→ **EXERCISE PROMPT**
Report each line of the data that includes the word "open".

→ **RECORDS SHOWN**
····················

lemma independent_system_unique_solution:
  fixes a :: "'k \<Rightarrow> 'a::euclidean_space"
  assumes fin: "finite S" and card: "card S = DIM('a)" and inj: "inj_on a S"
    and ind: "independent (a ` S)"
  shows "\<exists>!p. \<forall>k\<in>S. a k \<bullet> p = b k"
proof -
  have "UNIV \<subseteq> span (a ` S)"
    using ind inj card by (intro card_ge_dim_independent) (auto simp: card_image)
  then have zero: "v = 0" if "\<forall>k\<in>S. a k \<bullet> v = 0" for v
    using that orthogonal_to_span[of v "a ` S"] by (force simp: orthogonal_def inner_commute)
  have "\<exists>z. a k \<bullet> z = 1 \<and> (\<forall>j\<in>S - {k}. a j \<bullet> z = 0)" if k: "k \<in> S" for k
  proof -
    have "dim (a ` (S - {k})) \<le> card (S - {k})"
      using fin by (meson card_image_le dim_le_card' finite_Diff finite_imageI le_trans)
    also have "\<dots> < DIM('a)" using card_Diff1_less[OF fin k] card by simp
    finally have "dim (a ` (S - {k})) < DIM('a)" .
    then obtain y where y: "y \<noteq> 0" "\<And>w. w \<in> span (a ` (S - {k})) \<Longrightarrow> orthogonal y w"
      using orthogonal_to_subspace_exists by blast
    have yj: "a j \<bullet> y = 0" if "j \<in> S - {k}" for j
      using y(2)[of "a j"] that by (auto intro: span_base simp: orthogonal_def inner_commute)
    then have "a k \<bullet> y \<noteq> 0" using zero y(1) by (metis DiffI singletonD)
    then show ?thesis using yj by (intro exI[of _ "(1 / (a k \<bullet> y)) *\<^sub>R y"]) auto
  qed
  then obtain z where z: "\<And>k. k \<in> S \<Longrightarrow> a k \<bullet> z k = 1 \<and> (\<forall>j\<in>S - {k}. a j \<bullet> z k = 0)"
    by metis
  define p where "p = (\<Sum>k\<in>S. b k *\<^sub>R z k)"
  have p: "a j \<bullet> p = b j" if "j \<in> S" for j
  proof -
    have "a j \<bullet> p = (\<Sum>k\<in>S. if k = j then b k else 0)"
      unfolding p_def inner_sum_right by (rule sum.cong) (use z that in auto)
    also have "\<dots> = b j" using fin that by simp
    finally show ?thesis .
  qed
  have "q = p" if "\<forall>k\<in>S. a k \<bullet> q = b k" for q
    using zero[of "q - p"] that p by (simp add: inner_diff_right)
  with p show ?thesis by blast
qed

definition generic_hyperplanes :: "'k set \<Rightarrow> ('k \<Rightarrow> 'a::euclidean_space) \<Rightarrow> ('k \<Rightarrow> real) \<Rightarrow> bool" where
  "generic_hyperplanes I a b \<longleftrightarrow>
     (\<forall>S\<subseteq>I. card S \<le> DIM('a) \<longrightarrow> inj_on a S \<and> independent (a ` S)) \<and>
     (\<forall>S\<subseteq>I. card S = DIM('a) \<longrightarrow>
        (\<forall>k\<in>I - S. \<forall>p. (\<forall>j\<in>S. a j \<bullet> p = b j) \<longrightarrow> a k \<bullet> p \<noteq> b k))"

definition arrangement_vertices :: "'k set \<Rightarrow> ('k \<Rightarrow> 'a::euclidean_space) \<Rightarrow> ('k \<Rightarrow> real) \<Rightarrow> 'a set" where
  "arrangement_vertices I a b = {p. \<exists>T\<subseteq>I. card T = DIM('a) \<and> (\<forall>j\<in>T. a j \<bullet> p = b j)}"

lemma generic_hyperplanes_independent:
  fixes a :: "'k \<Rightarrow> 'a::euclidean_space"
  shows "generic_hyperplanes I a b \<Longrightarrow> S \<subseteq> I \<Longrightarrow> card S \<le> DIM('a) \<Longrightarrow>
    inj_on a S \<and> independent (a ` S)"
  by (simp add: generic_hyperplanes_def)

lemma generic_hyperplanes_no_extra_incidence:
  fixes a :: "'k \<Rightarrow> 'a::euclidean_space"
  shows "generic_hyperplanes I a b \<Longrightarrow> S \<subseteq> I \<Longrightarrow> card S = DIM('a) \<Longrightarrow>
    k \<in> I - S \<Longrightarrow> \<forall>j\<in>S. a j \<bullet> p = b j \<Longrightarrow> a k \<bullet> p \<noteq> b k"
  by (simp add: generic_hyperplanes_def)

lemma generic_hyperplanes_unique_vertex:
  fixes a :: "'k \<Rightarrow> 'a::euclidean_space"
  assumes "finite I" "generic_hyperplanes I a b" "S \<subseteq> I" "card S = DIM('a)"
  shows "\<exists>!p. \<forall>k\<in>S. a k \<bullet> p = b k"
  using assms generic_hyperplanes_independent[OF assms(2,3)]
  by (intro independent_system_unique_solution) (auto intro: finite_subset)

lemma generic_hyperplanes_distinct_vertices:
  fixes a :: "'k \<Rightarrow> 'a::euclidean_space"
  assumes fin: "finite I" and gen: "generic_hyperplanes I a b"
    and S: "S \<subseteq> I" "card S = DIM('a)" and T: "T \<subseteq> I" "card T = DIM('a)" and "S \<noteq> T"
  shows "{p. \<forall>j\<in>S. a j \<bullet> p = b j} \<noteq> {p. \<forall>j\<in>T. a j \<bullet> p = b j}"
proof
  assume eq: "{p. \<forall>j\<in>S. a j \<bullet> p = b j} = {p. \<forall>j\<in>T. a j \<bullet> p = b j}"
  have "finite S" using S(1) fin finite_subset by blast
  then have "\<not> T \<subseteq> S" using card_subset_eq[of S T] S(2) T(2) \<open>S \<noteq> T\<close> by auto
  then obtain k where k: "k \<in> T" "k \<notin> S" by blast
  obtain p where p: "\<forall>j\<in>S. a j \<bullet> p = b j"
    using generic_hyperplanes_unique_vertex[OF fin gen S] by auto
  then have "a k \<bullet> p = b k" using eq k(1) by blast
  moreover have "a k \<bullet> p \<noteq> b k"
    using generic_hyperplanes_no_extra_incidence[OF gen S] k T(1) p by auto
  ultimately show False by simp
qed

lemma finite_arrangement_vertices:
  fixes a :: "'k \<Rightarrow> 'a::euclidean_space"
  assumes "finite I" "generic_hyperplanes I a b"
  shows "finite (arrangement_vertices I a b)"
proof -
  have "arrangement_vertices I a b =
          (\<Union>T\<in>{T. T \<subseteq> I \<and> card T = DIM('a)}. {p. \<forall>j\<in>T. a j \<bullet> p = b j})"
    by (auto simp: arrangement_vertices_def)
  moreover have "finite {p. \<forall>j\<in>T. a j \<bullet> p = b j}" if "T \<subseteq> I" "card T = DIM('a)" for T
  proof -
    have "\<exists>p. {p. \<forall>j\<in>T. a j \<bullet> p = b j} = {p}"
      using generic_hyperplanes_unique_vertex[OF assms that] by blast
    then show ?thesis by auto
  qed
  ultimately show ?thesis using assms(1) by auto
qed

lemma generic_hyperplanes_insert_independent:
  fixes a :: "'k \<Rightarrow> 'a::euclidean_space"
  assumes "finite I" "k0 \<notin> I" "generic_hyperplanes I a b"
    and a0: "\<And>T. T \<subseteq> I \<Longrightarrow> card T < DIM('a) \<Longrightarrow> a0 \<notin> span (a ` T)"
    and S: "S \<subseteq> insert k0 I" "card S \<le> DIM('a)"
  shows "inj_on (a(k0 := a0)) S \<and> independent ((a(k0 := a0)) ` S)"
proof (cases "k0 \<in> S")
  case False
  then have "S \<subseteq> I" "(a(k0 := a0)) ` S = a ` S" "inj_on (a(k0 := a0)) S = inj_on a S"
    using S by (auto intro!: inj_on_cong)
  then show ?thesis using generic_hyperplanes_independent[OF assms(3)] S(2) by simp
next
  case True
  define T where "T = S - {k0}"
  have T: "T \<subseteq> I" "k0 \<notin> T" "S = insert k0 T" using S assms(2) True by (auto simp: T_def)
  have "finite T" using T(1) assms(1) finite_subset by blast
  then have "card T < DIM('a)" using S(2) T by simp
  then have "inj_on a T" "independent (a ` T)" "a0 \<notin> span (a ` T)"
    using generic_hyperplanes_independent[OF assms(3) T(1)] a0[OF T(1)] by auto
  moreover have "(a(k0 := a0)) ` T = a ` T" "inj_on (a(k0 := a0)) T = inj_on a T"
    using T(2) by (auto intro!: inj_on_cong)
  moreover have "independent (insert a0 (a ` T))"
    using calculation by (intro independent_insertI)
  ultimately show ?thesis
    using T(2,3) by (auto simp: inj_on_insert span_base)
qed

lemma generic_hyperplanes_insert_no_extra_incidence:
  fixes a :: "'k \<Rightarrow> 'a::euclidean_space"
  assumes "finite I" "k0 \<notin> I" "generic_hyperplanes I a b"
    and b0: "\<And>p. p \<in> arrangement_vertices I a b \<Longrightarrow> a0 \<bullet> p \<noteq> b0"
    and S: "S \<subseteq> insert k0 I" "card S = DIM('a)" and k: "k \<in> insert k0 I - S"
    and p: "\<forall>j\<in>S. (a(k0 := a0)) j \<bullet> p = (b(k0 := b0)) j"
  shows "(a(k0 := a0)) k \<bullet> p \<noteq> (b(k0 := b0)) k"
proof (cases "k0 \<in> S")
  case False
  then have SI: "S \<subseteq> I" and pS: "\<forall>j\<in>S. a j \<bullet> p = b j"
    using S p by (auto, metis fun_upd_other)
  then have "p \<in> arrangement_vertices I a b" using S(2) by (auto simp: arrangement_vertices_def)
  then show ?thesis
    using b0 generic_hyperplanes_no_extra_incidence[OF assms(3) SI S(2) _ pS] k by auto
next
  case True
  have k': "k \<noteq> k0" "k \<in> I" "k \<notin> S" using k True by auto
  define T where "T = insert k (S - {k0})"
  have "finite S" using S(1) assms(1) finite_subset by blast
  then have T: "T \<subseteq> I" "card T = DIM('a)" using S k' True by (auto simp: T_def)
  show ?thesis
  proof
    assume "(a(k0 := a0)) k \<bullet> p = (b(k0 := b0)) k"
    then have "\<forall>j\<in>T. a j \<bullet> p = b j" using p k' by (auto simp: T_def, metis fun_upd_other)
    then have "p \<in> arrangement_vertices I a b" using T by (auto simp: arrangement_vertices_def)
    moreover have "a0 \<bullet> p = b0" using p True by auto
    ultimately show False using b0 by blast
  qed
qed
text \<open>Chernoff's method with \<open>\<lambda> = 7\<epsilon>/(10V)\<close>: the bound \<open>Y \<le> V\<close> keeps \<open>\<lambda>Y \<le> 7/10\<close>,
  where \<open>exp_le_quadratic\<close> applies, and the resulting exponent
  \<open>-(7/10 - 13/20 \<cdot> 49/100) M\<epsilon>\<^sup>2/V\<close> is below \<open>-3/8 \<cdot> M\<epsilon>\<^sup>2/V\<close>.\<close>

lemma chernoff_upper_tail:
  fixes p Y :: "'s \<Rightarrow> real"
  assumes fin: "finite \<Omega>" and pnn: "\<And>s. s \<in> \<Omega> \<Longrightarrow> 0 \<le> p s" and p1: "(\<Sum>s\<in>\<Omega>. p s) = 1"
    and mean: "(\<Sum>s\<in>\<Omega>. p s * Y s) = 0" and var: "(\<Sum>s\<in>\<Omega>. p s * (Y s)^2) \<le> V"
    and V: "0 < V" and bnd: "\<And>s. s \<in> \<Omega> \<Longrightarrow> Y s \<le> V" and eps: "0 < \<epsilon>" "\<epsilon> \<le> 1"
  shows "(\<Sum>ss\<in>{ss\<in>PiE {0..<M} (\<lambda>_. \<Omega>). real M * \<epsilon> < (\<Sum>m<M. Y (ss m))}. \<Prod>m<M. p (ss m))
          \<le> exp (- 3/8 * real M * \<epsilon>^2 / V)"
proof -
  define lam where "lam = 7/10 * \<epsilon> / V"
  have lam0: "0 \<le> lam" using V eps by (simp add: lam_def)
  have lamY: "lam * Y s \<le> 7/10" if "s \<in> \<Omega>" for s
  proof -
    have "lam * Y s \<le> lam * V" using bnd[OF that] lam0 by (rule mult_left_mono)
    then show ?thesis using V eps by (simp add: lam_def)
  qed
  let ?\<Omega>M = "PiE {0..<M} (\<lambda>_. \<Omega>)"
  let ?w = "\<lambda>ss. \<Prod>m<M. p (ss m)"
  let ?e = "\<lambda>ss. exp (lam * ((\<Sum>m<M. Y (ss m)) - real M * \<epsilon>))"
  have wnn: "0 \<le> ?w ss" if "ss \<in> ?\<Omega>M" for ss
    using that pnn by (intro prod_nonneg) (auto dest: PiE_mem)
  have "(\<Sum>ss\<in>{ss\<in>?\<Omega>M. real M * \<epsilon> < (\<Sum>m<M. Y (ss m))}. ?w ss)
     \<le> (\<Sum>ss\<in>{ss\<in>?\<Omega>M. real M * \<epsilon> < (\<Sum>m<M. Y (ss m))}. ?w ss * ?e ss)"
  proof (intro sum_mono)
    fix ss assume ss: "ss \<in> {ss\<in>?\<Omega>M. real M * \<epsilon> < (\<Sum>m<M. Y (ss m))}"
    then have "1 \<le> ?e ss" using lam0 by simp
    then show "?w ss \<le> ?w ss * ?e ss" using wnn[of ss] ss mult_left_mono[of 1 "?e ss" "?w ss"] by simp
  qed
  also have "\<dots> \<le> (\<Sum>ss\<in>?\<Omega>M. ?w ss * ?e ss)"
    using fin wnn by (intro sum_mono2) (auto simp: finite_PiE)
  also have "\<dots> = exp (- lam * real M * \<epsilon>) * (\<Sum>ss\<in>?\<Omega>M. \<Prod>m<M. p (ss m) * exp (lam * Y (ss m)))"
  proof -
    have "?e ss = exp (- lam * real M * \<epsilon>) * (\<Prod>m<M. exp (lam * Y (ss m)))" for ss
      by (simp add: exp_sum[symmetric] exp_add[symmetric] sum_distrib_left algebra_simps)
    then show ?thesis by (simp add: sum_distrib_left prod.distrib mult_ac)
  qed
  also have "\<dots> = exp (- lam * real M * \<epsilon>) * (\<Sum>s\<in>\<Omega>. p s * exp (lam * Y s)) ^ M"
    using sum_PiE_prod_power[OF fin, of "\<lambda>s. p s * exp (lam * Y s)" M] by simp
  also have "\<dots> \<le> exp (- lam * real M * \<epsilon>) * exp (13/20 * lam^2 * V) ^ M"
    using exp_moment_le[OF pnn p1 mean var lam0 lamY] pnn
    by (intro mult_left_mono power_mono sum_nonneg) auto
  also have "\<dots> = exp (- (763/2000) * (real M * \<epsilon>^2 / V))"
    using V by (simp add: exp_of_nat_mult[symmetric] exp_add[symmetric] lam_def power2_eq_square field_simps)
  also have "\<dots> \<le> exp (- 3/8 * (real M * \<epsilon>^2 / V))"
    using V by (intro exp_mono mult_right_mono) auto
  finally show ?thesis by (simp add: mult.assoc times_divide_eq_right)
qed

····················

→ **ANSWER SPACE**
  then have "\<not> T \<subseteq> S" using card_subset_eq[of S T] S(2) T(2) \<open>S \<noteq> T\<close> by auto
text \<open>Chernoff's method with \<open>\<lambda> = 7\<epsilon>/(10V)\<close>: the bound \<open>Y \<le> V\<close> keeps \<open>\<lambda>Y \<le> 7/10\<close>,
  where \<open>exp_le_quadratic\<close> applies, and the resulting exponent
  \<open>-(7/10 - 13/20 \<cdot> 49/100) M\<epsilon>\<^sup>2/V\<close> is below \<open>-3/8 \<cdot> M\<epsilon>\<^sup>2/V\<close>.\<close>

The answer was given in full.